Report each line of the data that has "blast" somewhere in it.

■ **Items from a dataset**
-------

theorem lemma5:
  fixes V :: "'a set" and E :: "'a \<Rightarrow> 'a \<Rightarrow> bool" and k :: nat
  assumes "graph V E" and "k \<ge> 1" and "min_degree_eq V E k"
  shows "has_k_factor V E k \<longleftrightarrow>
    (\<forall>S T. S \<subseteq> V \<longrightarrow> T \<subseteq> V \<longrightarrow> S \<inter> T = {} \<longrightarrow>
       S \<subseteq> high V E k \<longrightarrow>
       (\<forall>Q \<in> odd_comps V E k S T. Q \<inter> high V E k \<noteq> {}) \<longrightarrow>
       k * card S + (\<Sum>v \<in> T \<inter> high V E k. degree V E v - k)
         \<ge> q V E k S T + edges_between E S T)"
  (is "_ \<longleftrightarrow> (\<forall>S T. ?restricted S T)")
proof
  assume "has_k_factor V E k"
  then obtain F where F: "\<And>u v. F u v \<Longrightarrow> E u v" "graph V F" "\<And>v. v \<in> V \<Longrightarrow> degree V F v = k"
    unfolding has_k_factor_def by blast
  show "\<forall>S T. ?restricted S T"
  proof (intro allI impI)
    fix S T assume "S \<subseteq> V" "T \<subseteq> V" "S \<inter> T = {}"
    then show "k * card S + (\<Sum>v \<in> T \<inter> high V E k. degree V E v - k) \<ge> q V E k S T + edges_between E S T"
      using factor_condition_if_k_factor[OF assms(1) F] unfolding factor_condition_def by blast
  qed
next
  assume restricted: "\<forall>S T. ?restricted S T"
  have min_deg: "\<And>v. v \<in> V \<Longrightarrow> k \<le> degree V E v"
    using assms(3) unfolding min_degree_eq_def by blast
  have "factor_condition V E k S T" if "S \<subseteq> V" "T \<subseteq> V" "S \<inter> T = {}" for S T
  proof (rule factor_condition_if_restricted[OF assms(1) min_deg _ that])
    fix S' T'
    assume "S' \<subseteq> V" "T' \<subseteq> V" "S' \<inter> T' = {}" "S' \<subseteq> high V E k"
      "\<forall>Q \<in> odd_comps V E k S' T'. Q \<inter> high V E k \<noteq> {}"
    then show "factor_condition V E k S' T'"
      using restricted[rule_format, of S' T'] unfolding factor_condition_def by blast
  qed
  then show "has_k_factor V E k"
    using has_k_factor_if_factor_condition[OF assms(1,2) min_deg] by blast
qed

end
lemma indicator_poly_lower_bound:
  fixes A :: "nat set" and c1 c2 \<rho> :: real
  assumes M: "M \<ge> 1" and \<rho>: "0 \<le> \<rho>" "\<rho> \<le> 1" and c2: "c2 \<ge> 0"
  defines "e \<equiv> counting_error A c1 c2"
  shows "2 * c2 * (\<Sum>n<M. \<rho>^n)^2 - \<bar>c1 - 3 * c2\<bar> * (\<Sum>n<M. \<rho>^n) - \<bar>c1 - c2\<bar>
           - (1 - \<rho>) * (\<Sum>n<M. \<bar>e n\<bar> * \<rho>^n) - (\<bar>e (M - 1)\<bar> + (1 + 2 * c2) * real M^2) * \<rho>^M
         \<le> (\<Sum>n<M. indicator A n * \<rho>^n)^2"
proof -
  define X where "X = (\<Sum>n<M. indicator A n * \<rho>^n)"
  define q where "q = (\<Sum>n<M. \<rho>^n)"
  let ?z = "complex_of_real \<rho>"
  have "q \<ge> 0"
    unfolding q_def using \<rho>(1) by (intro sum_nonneg) simp
  have "(\<Sum>n<M. indicator A n * ?z^n)^2 - 2 * c2 * (\<Sum>n<M. ?z^n)^2 = of_real (X^2 - 2 * c2 * q^2)"
    by (simp add: X_def q_def of_real_indicator)
  then have P: "norm ((\<Sum>n<M. indicator A n * ?z^n)^2 - 2 * c2 * (\<Sum>n<M. ?z^n)^2) = \<bar>X^2 - 2 * c2 * q^2\<bar>"
    by (simp only: norm_of_real)
  have Q: "norm (\<Sum>n<M. ?z^n) = q"
    using \<open>q \<ge> 0\<close> by (simp add: q_def flip: of_real_sum of_real_power)
  have z: "norm ?z ^ M = \<rho>^M"
    using \<rho>(1) by simp
  have "\<bar>X^2 - 2 * c2 * q^2\<bar> \<le> \<bar>c1 - 3 * c2\<bar> * q + \<bar>c1 - c2\<bar>
      + norm (1 - ?z) * norm (\<Sum>n<M. of_real (e n) * ?z^n) + (\<bar>e (M - 1)\<bar> + (1 + 2 * c2) * real M^2) * \<rho>^M"
    using norm_indicator_poly_square_sub_le[OF M, of ?z A c2 c1] \<rho>
    unfolding P Q z e_def[symmetric] abs_of_nonneg[OF c2] by simp
  moreover have "norm (1 - ?z) = 1 - \<rho>"
    using \<rho>(2) by (metis abs_of_nonneg diff_ge_0_iff_ge norm_of_real of_real_1 of_real_diff)
  moreover have "norm (\<Sum>n<M. of_real (e n) * ?z^n) \<le> (\<Sum>n<M. \<bar>e n\<bar> * \<rho>^n)"
    using norm_sum[of "\<lambda>n. of_real (e n) * ?z^n" "{..<M}"] \<rho>(1)
    by (simp add: norm_mult norm_power)
  ultimately have "\<bar>X^2 - 2 * c2 * q^2\<bar> \<le> \<bar>c1 - 3 * c2\<bar> * q + \<bar>c1 - c2\<bar>
      + (1 - \<rho>) * (\<Sum>n<M. \<bar>e n\<bar> * \<rho>^n) + (\<bar>e (M - 1)\<bar> + (1 + 2 * c2) * real M^2) * \<rho>^M"
    using \<rho>(2) by (smt (verit) mult_left_mono)
  then show ?thesis
    unfolding X_def q_def by linarith
qed
lemma avg_diff:
  assumes "f integrable_on {a..b}" "g integrable_on {a..b}"
  shows "avg (\<lambda>s. f s - g s) a b = avg f a b - avg g a b"
  unfolding avg_def using integral_diff[OF assms] by (simp add: diff_divide_distrib)

lemma moment_diff:
  assumes "continuous_on {a..b} f" "continuous_on {a..b} g"
  shows "moment (\<lambda>s. f s - g s) a b = moment f a b - moment g a b"
proof -
  define m where "m = (a + b) / 2"
  have "(\<lambda>s. (s - m) * (f s - g s)) = (\<lambda>s. (s - m) * f s - (s - m) * g s)"
    by (simp add: algebra_simps)
  moreover have "integral {a..b} (\<lambda>s. (s - m) * f s - (s - m) * g s)
      = integral {a..b} (\<lambda>s. (s - m) * f s) - integral {a..b} (\<lambda>s. (s - m) * g s)"
    using assms by (intro integral_diff integrable_continuous_interval continuous_intros)
  ultimately show ?thesis unfolding moment_def m_def[symmetric] by (simp only: right_diff_distrib)
qed

lemma has_integral_real_FTC:
  fixes G g :: "real \<Rightarrow> real"
  assumes "a \<le> b" "\<And>x. (G has_real_derivative g x) (at x)"
  shows "(g has_integral (G b - G a)) {a..b}"
  using assms
  by (intro fundamental_theorem_of_calculus)
     (auto simp: has_real_derivative_iff_has_vector_derivative[symmetric] intro: has_field_derivative_at_within)

lemma has_integral_centered_quadratic:
  fixes a b K c :: real
  assumes "a \<le> b"
  shows "((\<lambda>s. (s - (a + b) / 2) * K + c * (s - (a + b) / 2)^2) has_integral (c * (b - a)^3 / 12)) {a..b}"
proof -
  define G where "G = (\<lambda>s. K * (s - (a + b) / 2)^2 / 2 + c * (s - (a + b) / 2)^3 / 3)"
  have "((\<lambda>s. (s - (a + b) / 2) * K + c * (s - (a + b) / 2)^2) has_integral (G b - G a)) {a..b}"
    unfolding G_def using assms
    by (intro has_integral_real_FTC) (auto intro!: derivative_eq_intros simp: power2_eq_square field_simps)
  moreover have "G b - G a = c * (b - a)^3 / 12"
    unfolding G_def by (simp add: power2_eq_square power3_eq_cube field_simps)
  ultimately show ?thesis by simp
qed

lemma moment_bounds:
  assumes \<phi>: "mono_slope \<phi> \<phi>' a b" and ab: "a < b"
  shows "\<phi>' a * (b - a) / 6 \<le> moment \<phi> a b" and "moment \<phi> a b \<le> \<phi>' b * (b - a) / 6"
proof -
  define m where "m = (a + b) / 2"
  have m: "m \<in> {a..b}" using ab by (simp add: m_def)
  have scale: "2 / L^2 * (c * L^3 / 12) = c * L / 6" if "L > 0" for c L :: real
    using that by (simp add: power2_eq_square power3_eq_cube field_simps)
  note quad = has_integral_centered_quadratic[of a b "\<phi> m", folded m_def]
  note int = integrable_integral[OF mono_slope_integrable_weighted[OF \<phi>, of m]]
  have pointwise: "(s - m) * \<phi> m + c * (s - m)^2 \<le> (s - m) * \<phi> s \<longleftrightarrow> c * (s - m)^2 \<le> (s - m) * (\<phi> s - \<phi> m)"
    "(s - m) * \<phi> s \<le> (s - m) * \<phi> m + c * (s - m)^2 \<longleftrightarrow> (s - m) * (\<phi> s - \<phi> m) \<le> c * (s - m)^2" for s c
    by (simp_all add: algebra_simps)
  have "\<phi>' a * (b - a)^3 / 12 \<le> integral {a..b} (\<lambda>s. (s - m) * \<phi> s)"
    using has_integral_le[OF quad int] mono_slope_secant(1)[OF \<phi> m] ab unfolding pointwise by auto
  then show "\<phi>' a * (b - a) / 6 \<le> moment \<phi> a b"
    unfolding moment_def m_def[symmetric] scale[OF diff_gt_0_iff_gt[THEN iffD2, OF ab], symmetric]
    using ab by (intro mult_left_mono) auto
  have "integral {a..b} (\<lambda>s. (s - m) * \<phi> s) \<le> \<phi>' b * (b - a)^3 / 12"
    using has_integral_le[OF int quad] mono_slope_secant(2)[OF \<phi> m] ab unfolding pointwise by auto
  then show "moment \<phi> a b \<le> \<phi>' b * (b - a) / 6"
    unfolding moment_def m_def[symmetric] scale[OF diff_gt_0_iff_gt[THEN iffD2, OF ab], symmetric]
    using ab by (intro mult_left_mono) auto
qed

lemma moment_nonneg: "mono_slope \<phi> \<phi>' a b \<Longrightarrow> a < b \<Longrightarrow> 0 \<le> \<phi>' a \<Longrightarrow> 0 \<le> moment \<phi> a b"
  using moment_bounds(1)[of \<phi> \<phi>' a b] by (smt (verit) divide_nonneg_pos mult_nonneg_nonneg)

lemma avg_le_chord:
  assumes \<phi>: "mono_slope \<phi> \<phi>' a b" and ab: "a < b"
  shows "avg \<phi> a b \<le> (\<phi> a + \<phi> b) / 2"
proof -
  define L where "L = b - a"
  define k where "k = (\<phi> b - \<phi> a) / L"
  have L: "L > 0" using ab by (simp add: L_def)
  have below_chord: "\<phi> s \<le> \<phi> a + k * (s - a)" if s: "s \<in> {a..b}" for s
  proof -
    have s1: "a \<le> s" "s \<le> b" using s by auto
    have "(\<phi> s - \<phi> a) * (b - s) \<le> \<phi>' s * (s - a) * (b - s)"
      using mono_slope_upper[OF \<phi> _ s1] s1 by (intro mult_right_mono) auto
    also have "\<dots> = \<phi>' s * (b - s) * (s - a)" by simp
    also have "\<dots> \<le> (\<phi> b - \<phi> s) * (s - a)"
      using mono_slope_lower[OF \<phi> s1 order_refl] s1 by (intro mult_right_mono) auto
    finally have "\<phi> s * L \<le> \<phi> a * L + (\<phi> b - \<phi> a) * (s - a)"
      by (simp add: L_def algebra_simps)
    then show ?thesis using L by (simp add: k_def field_simps)
  qed
  have "((\<lambda>s. \<phi> a + k * (s - a)) has_integral
      ((\<lambda>s. \<phi> a * s + k * (s - a)^2 / 2) b - (\<lambda>s. \<phi> a * s + k * (s - a)^2 / 2) a)) {a..b}"
    using ab by (intro has_integral_real_FTC) (auto intro!: derivative_eq_intros simp: power2_eq_square field_simps)
  then have "integral {a..b} \<phi> \<le> \<phi> a * L + (k * L) * L / 2"
    using has_integral_le[OF integrable_integral[OF mono_slope_integrable[OF \<phi>]]] below_chord
    by (fastforce simp: L_def power2_eq_square algebra_simps)
  also have "\<dots> = L * (\<phi> a + \<phi> b) / 2" using L by (simp add: k_def field_simps)
  finally show ?thesis using L unfolding avg_def L_def[symmetric] by (simp add: field_simps)
qed

lemma avg_le_two_chords:
  assumes \<phi>: "mono_slope \<phi> \<phi>' a b" and ab: "a < b"
  shows "avg \<phi> a b \<le> (\<phi> a + 2 * \<phi> ((a + b) / 2) + \<phi> b) / 4"
proof -
  define m where "m = (a + b) / 2"
  have m: "a < m" "m < b" using ab by (auto simp: m_def)
  have combine: "integral {a..b} \<phi> = integral {a..m} \<phi> + integral {m..b} \<phi>"
    using m mono_slope_integrable[OF \<phi>] by (intro Henstock_Kurzweil_Integration.integral_combine[symmetric]) auto
  have halves: "m - a = (b - a) / 2" "b - m = (b - a) / 2" by (auto simp: m_def field_simps)
  have split_mean: "(x + y) / L = (x / (L / 2) + y / (L / 2)) / 2" for x y L :: real
    by (cases "L = 0") (simp_all add: field_simps)
  have "avg \<phi> a b = (avg \<phi> a m + avg \<phi> m b) / 2"
    unfolding avg_def combine halves by (rule split_mean)
  moreover have "avg \<phi> a m \<le> (\<phi> a + \<phi> m) / 2" "avg \<phi> m b \<le> (\<phi> m + \<phi> b) / 2"
    using avg_le_chord[OF mono_slope_subinterval[OF \<phi>]] m by auto
  ultimately show ?thesis unfolding m_def by simp
qed

lemma avg_minus_moment_ge:
  assumes \<phi>: "mono_slope \<phi> \<phi>' a b" and ab: "a < b"
  shows "\<phi> a + \<phi>' a * (b - a) / 3 \<le> avg \<phi> a b - moment \<phi> a b"
proof -
  define L where "L = b - a"
  have L: "L > 0" using ab by (simp add: L_def)
  define I1 where "I1 = integral {a..b} \<phi>"
  define I2 where "I2 = integral {a..b} (\<lambda>s. (s - (a + b) / 2) * \<phi> s)"
  have "((\<lambda>s. L/2 * \<phi> s - (s - (a + b) / 2) * \<phi> s) has_integral (L/2 * I1 - I2)) {a..b}"
    unfolding I1_def I2_def using mono_slope_integrable[OF \<phi>] mono_slope_integrable_weighted[OF \<phi>]
    by (intro has_integral_diff has_integral_mult_right) auto
  moreover have "(\<lambda>s. L/2 * \<phi> s - (s - (a + b) / 2) * \<phi> s) = (\<lambda>s. \<phi> s * (b - s))"
    by (rule ext) (simp add: L_def field_simps)
  ultimately have int: "((\<lambda>s. \<phi> s * (b - s)) has_integral (L/2 * I1 - I2)) {a..b}" by simp
  define G where "G = (\<lambda>s. \<phi> a * (b * s - s^2 / 2) + \<phi>' a * (L * (s - a)^2 / 2 - (s - a)^3 / 3))"
  have "((\<lambda>s. (\<phi> a + \<phi>' a * (s - a)) * (b - s)) has_integral (G b - G a)) {a..b}"
    unfolding G_def using ab
    by (intro has_integral_real_FTC)
       (auto intro!: derivative_eq_intros simp: power2_eq_square power3_eq_cube L_def field_simps)
  moreover have "(\<phi> a + \<phi>' a * (s - a)) * (b - s) \<le> \<phi> s * (b - s)" if "s \<in> {a..b}" for s
  proof -
    have "\<phi>' a * (s - a) \<le> \<phi> s - \<phi> a" using mono_slope_lower[OF \<phi> order_refl] that by auto
    then show ?thesis using that by (intro mult_right_mono) auto
  qed
  ultimately have "G b - G a \<le> L/2 * I1 - I2" using has_integral_le[OF _ int] by blast
  moreover have "G b - G a = \<phi> a * L^2 / 2 + \<phi>' a * L^3 / 6"
    unfolding G_def by (simp add: L_def power2_eq_square power3_eq_cube field_simps)
  ultimately have "2 / L^2 * (\<phi> a * L^2 / 2 + \<phi>' a * L^3 / 6) \<le> 2 / L^2 * (L/2 * I1 - I2)"
    using L by (intro mult_left_mono) auto
  moreover have "2 / L^2 * (L/2 * I1 - I2) = avg \<phi> a b - moment \<phi> a b"
    unfolding avg_def moment_def I1_def[symmetric] I2_def[symmetric] L_def[symmetric]
    using L by (simp add: power2_eq_square field_simps)
  moreover have "2 / L^2 * (\<phi> a * L^2 / 2 + \<phi>' a * L^3 / 6) = \<phi> a + \<phi>' a * L / 3"
    using L by (simp add: power2_eq_square power3_eq_cube field_simps)
  ultimately show ?thesis by (simp add: L_def)
qed

lemma moment_le_avg:
  assumes ab: "a < b" and cont: "continuous_on {a..b} \<phi>" and nonneg: "\<And>s. s \<in> {a..b} \<Longrightarrow> 0 \<le> \<phi> s"
  shows "moment \<phi> a b \<le> avg \<phi> a b"
proof -
  define L where "L = b - a"
  have L: "L > 0" using ab by (simp add: L_def)
  have "integral {a..b} (\<lambda>s. (s - (a + b) / 2) * \<phi> s) \<le> integral {a..b} (\<lambda>s. L/2 * \<phi> s)"
  proof (rule integral_le)
    show "(\<lambda>s. (s - (a + b) / 2) * \<phi> s) integrable_on {a..b}" "(\<lambda>s. L/2 * \<phi> s) integrable_on {a..b}"
      using cont by (auto intro!: integrable_continuous_interval continuous_intros)
    fix s assume s: "s \<in> {a..b}"
    then have "s - (a + b) / 2 \<le> L/2" by (auto simp: L_def field_simps)
    then show "(s - (a + b) / 2) * \<phi> s \<le> L/2 * \<phi> s" using nonneg[OF s] by (intro mult_right_mono) auto
  qed
  then have "moment \<phi> a b \<le> 2 / L^2 * (L/2 * integral {a..b} \<phi>)"
    unfolding moment_def L_def[symmetric] using L by (intro mult_left_mono) auto
  also have "\<dots> = avg \<phi> a b" unfolding avg_def L_def[symmetric] using L by (simp add: power2_eq_square field_simps)
  finally show ?thesis .
qed

definition pos_incr_convex :: "(real \<Rightarrow> real) \<Rightarrow> (real \<Rightarrow> real) \<Rightarrow> real \<Rightarrow> real \<Rightarrow> bool" where
  "pos_incr_convex \<phi> \<phi>' a b \<longleftrightarrow> mono_slope \<phi> \<phi>' a b \<and> 0 < \<phi> a \<and> 0 < \<phi>' a"

lemma pos_incr_convex_slope_pos: "pos_incr_convex \<phi> \<phi>' a b \<Longrightarrow> a \<le> x \<Longrightarrow> x \<le> b \<Longrightarrow> 0 < \<phi>' x"
  unfolding pos_incr_convex_def using mono_slope_slope_mono[of \<phi> \<phi>' a b a x] by auto

lemma pos_incr_convex_mono:
  assumes "pos_incr_convex \<phi> \<phi>' a b" "a \<le> x" "x \<le> y" "y \<le> b"
  shows "\<phi> x \<le> \<phi> y"
proof -
  have "0 \<le> \<phi>' x * (y - x)" using pos_incr_convex_slope_pos[OF assms(1), of x] assms by simp
  also have "\<dots> \<le> \<phi> y - \<phi> x" using assms mono_slope_lower unfolding pos_incr_convex_def by blast
  finally show ?thesis by simp
qed

lemma pos_incr_convex_pos: "pos_incr_convex \<phi> \<phi>' a b \<Longrightarrow> a \<le> x \<Longrightarrow> x \<le> b \<Longrightarrow> 0 < \<phi> x"
  using pos_incr_convex_mono[of \<phi> \<phi>' a b a x] unfolding pos_incr_convex_def by force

-------

■ **ANSWER FOR THE TASK**
    unfolding has_k_factor_def by blast
      using factor_condition_if_k_factor[OF assms(1) F] unfolding factor_condition_def by blast
    using assms(3) unfolding min_degree_eq_def by blast
      using restricted[rule_format, of S' T'] unfolding factor_condition_def by blast
    using has_k_factor_if_factor_condition[OF assms(1,2) min_deg] by blast
  ultimately have "G b - G a \<le> L/2 * I1 - I2" using has_integral_le[OF _ int] by blast
  also have "\<dots> \<le> \<phi> y - \<phi> x" using assms mono_slope_lower unfolding pos_incr_convex_def by blast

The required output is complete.